Segment Start: Task material

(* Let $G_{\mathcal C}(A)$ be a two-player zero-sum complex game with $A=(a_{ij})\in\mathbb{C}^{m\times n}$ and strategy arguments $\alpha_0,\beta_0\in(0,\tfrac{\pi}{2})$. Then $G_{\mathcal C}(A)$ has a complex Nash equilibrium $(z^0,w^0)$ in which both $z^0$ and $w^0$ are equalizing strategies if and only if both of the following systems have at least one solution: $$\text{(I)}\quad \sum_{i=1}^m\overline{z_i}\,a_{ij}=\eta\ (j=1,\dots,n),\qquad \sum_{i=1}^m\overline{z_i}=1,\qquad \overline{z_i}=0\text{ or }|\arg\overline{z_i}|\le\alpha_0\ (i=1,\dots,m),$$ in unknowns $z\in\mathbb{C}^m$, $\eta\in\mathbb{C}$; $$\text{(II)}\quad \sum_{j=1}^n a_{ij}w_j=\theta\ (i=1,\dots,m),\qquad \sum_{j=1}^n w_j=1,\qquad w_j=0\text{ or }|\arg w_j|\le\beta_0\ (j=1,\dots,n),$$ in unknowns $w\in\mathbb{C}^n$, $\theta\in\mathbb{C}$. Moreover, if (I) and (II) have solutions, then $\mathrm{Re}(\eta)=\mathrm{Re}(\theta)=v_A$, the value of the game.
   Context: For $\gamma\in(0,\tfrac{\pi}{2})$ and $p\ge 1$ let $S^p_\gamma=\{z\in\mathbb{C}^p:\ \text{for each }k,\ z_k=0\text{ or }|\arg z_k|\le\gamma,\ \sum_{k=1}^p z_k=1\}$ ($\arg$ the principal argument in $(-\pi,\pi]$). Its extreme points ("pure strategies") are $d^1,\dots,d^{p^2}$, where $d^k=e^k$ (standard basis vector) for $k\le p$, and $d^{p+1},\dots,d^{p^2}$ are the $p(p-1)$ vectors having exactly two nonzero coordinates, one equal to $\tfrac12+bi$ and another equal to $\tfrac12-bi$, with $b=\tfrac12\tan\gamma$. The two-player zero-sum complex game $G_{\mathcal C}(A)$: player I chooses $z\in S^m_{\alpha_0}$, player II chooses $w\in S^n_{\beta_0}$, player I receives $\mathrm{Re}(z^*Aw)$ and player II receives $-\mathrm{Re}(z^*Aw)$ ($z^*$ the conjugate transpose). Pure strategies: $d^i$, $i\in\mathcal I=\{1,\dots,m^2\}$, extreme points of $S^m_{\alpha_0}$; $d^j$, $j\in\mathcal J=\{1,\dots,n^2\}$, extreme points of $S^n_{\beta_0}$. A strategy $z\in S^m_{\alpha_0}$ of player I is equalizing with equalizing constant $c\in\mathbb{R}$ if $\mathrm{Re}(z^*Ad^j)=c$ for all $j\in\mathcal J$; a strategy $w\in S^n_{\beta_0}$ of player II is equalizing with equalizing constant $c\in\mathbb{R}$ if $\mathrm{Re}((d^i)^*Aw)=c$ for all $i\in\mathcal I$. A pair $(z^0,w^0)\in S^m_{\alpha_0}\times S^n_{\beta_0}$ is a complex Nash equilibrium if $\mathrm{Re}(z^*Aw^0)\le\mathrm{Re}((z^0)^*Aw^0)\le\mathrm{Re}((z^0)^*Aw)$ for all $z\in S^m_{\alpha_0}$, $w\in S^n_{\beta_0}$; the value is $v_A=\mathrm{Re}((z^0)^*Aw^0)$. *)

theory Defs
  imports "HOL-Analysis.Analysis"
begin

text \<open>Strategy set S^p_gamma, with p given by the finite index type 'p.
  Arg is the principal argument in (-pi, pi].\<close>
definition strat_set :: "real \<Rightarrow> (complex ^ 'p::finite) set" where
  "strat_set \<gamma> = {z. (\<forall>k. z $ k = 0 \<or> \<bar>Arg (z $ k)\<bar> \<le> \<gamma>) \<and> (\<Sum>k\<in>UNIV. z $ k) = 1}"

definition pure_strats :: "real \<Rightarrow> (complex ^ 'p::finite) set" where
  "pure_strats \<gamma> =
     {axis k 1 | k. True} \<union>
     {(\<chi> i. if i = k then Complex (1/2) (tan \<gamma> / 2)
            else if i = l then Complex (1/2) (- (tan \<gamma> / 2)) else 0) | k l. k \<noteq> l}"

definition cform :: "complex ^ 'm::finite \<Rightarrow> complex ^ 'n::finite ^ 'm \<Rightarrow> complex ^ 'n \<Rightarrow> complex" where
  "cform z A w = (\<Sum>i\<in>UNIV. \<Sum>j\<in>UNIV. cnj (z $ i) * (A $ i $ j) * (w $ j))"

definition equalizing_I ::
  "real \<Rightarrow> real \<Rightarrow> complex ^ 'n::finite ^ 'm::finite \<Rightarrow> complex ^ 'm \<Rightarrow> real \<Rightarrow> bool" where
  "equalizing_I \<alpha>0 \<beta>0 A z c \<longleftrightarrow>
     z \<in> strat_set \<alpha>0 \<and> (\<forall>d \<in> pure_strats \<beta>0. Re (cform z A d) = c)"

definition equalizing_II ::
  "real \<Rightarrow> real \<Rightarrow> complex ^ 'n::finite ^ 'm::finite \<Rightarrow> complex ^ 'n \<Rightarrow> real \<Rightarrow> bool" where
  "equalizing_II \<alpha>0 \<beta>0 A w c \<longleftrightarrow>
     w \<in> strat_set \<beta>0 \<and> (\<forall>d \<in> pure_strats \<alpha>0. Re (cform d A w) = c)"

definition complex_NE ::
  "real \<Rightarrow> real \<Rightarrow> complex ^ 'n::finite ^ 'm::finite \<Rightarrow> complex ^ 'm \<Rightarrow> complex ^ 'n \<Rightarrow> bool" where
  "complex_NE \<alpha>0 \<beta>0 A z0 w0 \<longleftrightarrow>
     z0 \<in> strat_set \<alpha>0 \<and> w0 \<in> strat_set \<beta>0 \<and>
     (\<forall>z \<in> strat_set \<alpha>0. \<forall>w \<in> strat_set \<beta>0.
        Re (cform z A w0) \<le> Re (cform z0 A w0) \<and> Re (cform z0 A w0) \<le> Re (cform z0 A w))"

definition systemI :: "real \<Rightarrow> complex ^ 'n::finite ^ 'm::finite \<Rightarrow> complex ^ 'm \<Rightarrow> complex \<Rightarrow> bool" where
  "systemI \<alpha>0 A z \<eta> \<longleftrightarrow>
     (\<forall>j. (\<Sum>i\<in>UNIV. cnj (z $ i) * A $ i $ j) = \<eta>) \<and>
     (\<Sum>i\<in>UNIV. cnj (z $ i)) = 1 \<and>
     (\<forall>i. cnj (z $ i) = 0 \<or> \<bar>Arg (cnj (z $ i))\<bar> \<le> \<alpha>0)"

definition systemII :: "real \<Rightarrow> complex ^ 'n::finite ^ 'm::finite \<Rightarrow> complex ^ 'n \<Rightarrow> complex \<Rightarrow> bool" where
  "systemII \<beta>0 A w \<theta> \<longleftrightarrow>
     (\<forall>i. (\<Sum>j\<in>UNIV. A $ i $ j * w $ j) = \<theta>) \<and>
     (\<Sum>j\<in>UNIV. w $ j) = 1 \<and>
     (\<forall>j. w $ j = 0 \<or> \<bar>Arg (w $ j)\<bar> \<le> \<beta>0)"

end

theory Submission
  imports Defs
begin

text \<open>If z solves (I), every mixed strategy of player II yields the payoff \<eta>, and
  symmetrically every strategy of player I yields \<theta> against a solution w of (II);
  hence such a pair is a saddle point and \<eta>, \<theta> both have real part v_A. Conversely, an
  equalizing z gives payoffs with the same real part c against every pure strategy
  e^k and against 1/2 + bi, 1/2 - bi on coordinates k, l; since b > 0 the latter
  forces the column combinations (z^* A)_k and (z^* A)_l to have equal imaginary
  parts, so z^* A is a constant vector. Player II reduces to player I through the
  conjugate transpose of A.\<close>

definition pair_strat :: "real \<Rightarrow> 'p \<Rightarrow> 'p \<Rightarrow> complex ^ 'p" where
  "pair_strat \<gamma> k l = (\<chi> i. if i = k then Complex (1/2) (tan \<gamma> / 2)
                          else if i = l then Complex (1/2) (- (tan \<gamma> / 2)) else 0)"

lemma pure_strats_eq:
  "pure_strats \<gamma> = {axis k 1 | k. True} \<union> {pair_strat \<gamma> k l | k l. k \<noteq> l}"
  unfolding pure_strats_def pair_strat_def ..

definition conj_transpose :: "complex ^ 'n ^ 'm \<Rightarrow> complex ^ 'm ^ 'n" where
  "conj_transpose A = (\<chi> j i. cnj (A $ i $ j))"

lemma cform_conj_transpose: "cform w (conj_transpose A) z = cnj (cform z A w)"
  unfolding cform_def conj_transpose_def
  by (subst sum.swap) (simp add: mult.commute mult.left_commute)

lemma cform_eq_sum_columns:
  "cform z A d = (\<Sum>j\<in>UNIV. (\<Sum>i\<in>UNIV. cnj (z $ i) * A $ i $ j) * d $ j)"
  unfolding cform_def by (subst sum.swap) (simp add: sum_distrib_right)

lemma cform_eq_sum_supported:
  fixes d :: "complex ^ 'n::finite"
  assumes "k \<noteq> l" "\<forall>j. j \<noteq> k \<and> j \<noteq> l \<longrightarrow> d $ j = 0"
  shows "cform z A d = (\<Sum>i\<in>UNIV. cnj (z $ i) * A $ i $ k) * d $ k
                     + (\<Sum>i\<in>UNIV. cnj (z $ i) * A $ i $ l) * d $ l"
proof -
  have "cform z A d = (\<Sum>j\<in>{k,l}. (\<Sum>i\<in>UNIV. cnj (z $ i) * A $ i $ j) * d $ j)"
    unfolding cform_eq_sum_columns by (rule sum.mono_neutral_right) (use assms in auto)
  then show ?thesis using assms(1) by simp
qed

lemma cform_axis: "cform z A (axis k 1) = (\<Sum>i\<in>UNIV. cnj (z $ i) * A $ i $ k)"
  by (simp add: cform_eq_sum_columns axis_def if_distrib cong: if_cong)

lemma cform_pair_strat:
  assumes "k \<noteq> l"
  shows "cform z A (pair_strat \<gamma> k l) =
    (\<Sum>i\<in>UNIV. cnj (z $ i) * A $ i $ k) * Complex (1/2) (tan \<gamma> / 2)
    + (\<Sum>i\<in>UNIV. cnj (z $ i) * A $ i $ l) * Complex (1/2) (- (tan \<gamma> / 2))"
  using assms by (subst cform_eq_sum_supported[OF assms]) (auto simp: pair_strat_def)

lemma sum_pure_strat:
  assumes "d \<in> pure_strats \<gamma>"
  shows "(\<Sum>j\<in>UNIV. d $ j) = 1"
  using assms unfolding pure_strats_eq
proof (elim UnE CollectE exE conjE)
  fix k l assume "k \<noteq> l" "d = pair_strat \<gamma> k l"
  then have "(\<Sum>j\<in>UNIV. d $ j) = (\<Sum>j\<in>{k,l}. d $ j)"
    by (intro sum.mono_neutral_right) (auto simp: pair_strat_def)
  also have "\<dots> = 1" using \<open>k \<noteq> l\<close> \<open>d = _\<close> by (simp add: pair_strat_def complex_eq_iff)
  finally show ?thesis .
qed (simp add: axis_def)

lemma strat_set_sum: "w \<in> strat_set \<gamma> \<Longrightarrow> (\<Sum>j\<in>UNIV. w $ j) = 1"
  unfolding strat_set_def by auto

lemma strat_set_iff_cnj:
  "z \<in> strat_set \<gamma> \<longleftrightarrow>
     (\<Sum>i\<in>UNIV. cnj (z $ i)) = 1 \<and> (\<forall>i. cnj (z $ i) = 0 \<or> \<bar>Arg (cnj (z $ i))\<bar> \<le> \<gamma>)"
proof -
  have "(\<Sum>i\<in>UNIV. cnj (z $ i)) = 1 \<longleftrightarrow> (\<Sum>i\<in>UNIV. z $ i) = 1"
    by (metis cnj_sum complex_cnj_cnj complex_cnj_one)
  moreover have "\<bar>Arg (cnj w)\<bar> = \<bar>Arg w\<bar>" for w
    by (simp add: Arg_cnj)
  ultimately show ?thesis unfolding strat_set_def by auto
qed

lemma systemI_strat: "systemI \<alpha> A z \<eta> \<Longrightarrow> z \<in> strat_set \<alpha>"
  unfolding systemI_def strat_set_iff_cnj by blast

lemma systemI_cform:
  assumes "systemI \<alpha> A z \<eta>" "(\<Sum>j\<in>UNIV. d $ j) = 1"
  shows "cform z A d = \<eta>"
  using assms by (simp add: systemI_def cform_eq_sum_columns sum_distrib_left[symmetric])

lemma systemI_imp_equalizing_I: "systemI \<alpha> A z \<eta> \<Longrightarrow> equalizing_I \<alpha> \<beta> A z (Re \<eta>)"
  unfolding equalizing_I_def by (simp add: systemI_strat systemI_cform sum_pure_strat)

Segment End: Task material

Exercise details: Nothing but the lines from the one containing "ultimately show ?thesis" through the last line of the material should be returned, each exactly as written, both ends included.

Written answer:
  ultimately show ?thesis unfolding strat_set_def by auto
qed

lemma systemI_strat: "systemI \<alpha> A z \<eta> \<Longrightarrow> z \<in> strat_set \<alpha>"
  unfolding systemI_def strat_set_iff_cnj by blast

lemma systemI_cform:
  assumes "systemI \<alpha> A z \<eta>" "(\<Sum>j\<in>UNIV. d $ j) = 1"
  shows "cform z A d = \<eta>"
  using assms by (simp add: systemI_def cform_eq_sum_columns sum_distrib_left[symmetric])

lemma systemI_imp_equalizing_I: "systemI \<alpha> A z \<eta> \<Longrightarrow> equalizing_I \<alpha> \<beta> A z (Re \<eta>)"
  unfolding equalizing_I_def by (simp add: systemI_strat systemI_cform sum_pure_strat)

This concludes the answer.